Repeat regions of the primary contigs and haplotigs were predicted independently. We used the REPET pipeline v2.5 (35, 96) for repeat annotation, in combination with Repbase v21.05 (45). First, we used TEdenovo to predict novel repetitive elements following the developer’s instructions and the parameters given in our github File 14. The set of TEs provided by TEdenovo were used to annotate all repetitive elements by using TEanno following the developer’s instructions, including the methodological advice, and the parameters given in File 15. Annotation was performed on genome version 0.4 and subsequently filtered for version 1.0 (Table S1G).
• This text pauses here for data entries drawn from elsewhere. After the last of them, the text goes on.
(* There is no function $g:\mathbb{N}\to\mathbb{N}$ such that $\operatorname{dbw}(H)\le g(\operatorname{dbw}(J))$ for every digraph $J$ and every directed topological minor $H$ of $J$.
   Context: All digraphs are finite and loopless. Contracting an edge $\vec{xy}$ of $D$ removes $\vec{xy}$, $x$, $y$ and adds a new vertex with in-neighbourhood $(N^-(x)\cup N^-(y))\setminus\{x,y\}$ and out-neighbourhood $(N^+(x)\cup N^+(y))\setminus\{x,y\}$. Let $V_3(D)$ be the set of vertices incident with at least three edges. An edge $\vec{xy}$ is 2-contractible in $D$ if $\{x,y\}\not\subseteq V_3(D)$ and either $\vec{yx}\in E(D)$ or there is no pair $(w,z)$ of vertices of $V_3(D)$ (possibly $w=z$) such that $x$ can reach $w$ and $z$ can reach $y$ by directed paths in $D-\vec{xy}$. $H$ is a directed topological minor of $D$ if $H$ is obtained from a subgraph of $D$ by a sequence of contractions of 2-contractible edges. Directed branch-width: for $X\subseteq E(D)$, $S^V_X=\{y: \exists x,z,\ \vec{xy}\in E(D)\setminus X,\ \vec{yz}\in X\}$; $\operatorname{dbw}(D)$ is the minimum over $(T,\beta)$ ($T$ a tree of maximum degree at most three, $\beta$ a bijection from leaves onto $E(D)$) of the maximum over tree edges of $|S^V_{\beta(Y)}\cup S^V_{E(D)\setminus\beta(Y)}|$, $Y$ the leaves on one side (0 if no tree edges). *)

theory Defs
  imports Main
begin

type_synonym digraph = "nat set \<times> (nat \<times> nat) set"

definition is_digraph :: "digraph \<Rightarrow> bool" where
  "is_digraph D \<longleftrightarrow> finite (fst D) \<and> snd D \<subseteq> fst D \<times> fst D \<and> (\<forall>v. (v, v) \<notin> snd D)"

definition is_subgraph :: "digraph \<Rightarrow> digraph \<Rightarrow> bool" where
  "is_subgraph H D \<longleftrightarrow> fst H \<subseteq> fst D \<and> snd H \<subseteq> snd D \<and> snd H \<subseteq> fst H \<times> fst H"

definition V3 :: "digraph \<Rightarrow> nat set" where
  "V3 D = {v \<in> fst D. card {e \<in> snd D. fst e = v \<or> snd e = v} \<ge> 3}"

text \<open>Contraction of the edge xy; the new vertex is given the name x
(this yields a digraph isomorphic to the one in the paper).\<close>
definition contract :: "digraph \<Rightarrow> nat \<Rightarrow> nat \<Rightarrow> digraph" where
  "contract D x y =
     (let f = (\<lambda>v. if v = y then x else v)
      in (fst D - {y}, {(f a, f b) | a b. (a, b) \<in> snd D \<and> f a \<noteq> f b}))"

definition two_contractible :: "digraph \<Rightarrow> nat \<Rightarrow> nat \<Rightarrow> bool" where
  "two_contractible D x y \<longleftrightarrow>
     (x, y) \<in> snd D \<and> \<not> ({x, y} \<subseteq> V3 D) \<and>
     ((y, x) \<in> snd D \<or>
      \<not> (\<exists>w \<in> V3 D. \<exists>z \<in> V3 D.
            (x, w) \<in> (snd D - {(x, y)})\<^sup>* \<and> (z, y) \<in> (snd D - {(x, y)})\<^sup>*))"

inductive dtop_minor :: "digraph \<Rightarrow> digraph \<Rightarrow> bool" where
  sub: "is_subgraph H D \<Longrightarrow> dtop_minor H D"
| contr: "dtop_minor H D \<Longrightarrow> two_contractible H x y \<Longrightarrow> dtop_minor (contract H x y) D"

definition is_tree :: "nat set \<Rightarrow> (nat \<times> nat) set \<Rightarrow> bool" where
  "is_tree N A \<longleftrightarrow> finite N \<and> N \<noteq> {} \<and> A \<subseteq> N \<times> N \<and> sym A \<and> (\<forall>v. (v, v) \<notin> A) \<and>
     (\<forall>u \<in> N. \<forall>v \<in> N. (u, v) \<in> A\<^sup>*) \<and>
     (\<forall>a b. (a, b) \<in> A \<longrightarrow> (a, b) \<notin> (A - {(a, b), (b, a)})\<^sup>*)"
We transferred the superfamily annotation according to the methods described by Wicker (36) for all elements from the underlying database hits if these agreed with each other and the REPET annotation. See jupyter notebooks Pst_104E_v12_TE_filtering_and_summary_p_contigs submission_21092017 and Pst_104E_v12_TE_filtering_and_summary_h_contigs submission_21092017 in our github repository for full analysis details.

We estimated TE age based on the divergence of each sequence from the consensus sequence (38). We calculated the mean percent identity for all identified TEs (repbase2005_aaSeq, repbase2005_ntSeq, and de novo-identified repeats via TEdenovo) using the REPET pipeline function PostAnalyzeTELib.py -a 3 (File 1). We used the function T = D/t to roughly approximate TE age, where T is the elapsed time since the ancestral sequence, D is the estimated divergence based on percent identity calculated via the REPET pipeline [D = (1 − mean percent identity)/100], and t is the substitution rate per site per year. We estimated t to be ~2 × 10⁻⁹, based on previous publications (97, 98). For details, see the notebook Revision_TE_filtering_and_summary_p_contigs.ipynb at our study’s github respository.

We annotated genes on primary contigs and haplotigs independently. We combined RNA-seq-guided ab initio predictions by using CodingQuarry v2.0 (41) and BRAKER v1.9 (42) with de novo transcriptome assembly approaches of Trinity v2.2.0 (99) and PASA v2.0.1 (40). Gene models were unified using EvidenceModeler v1.1.1 (40) and the weights reported in File 16.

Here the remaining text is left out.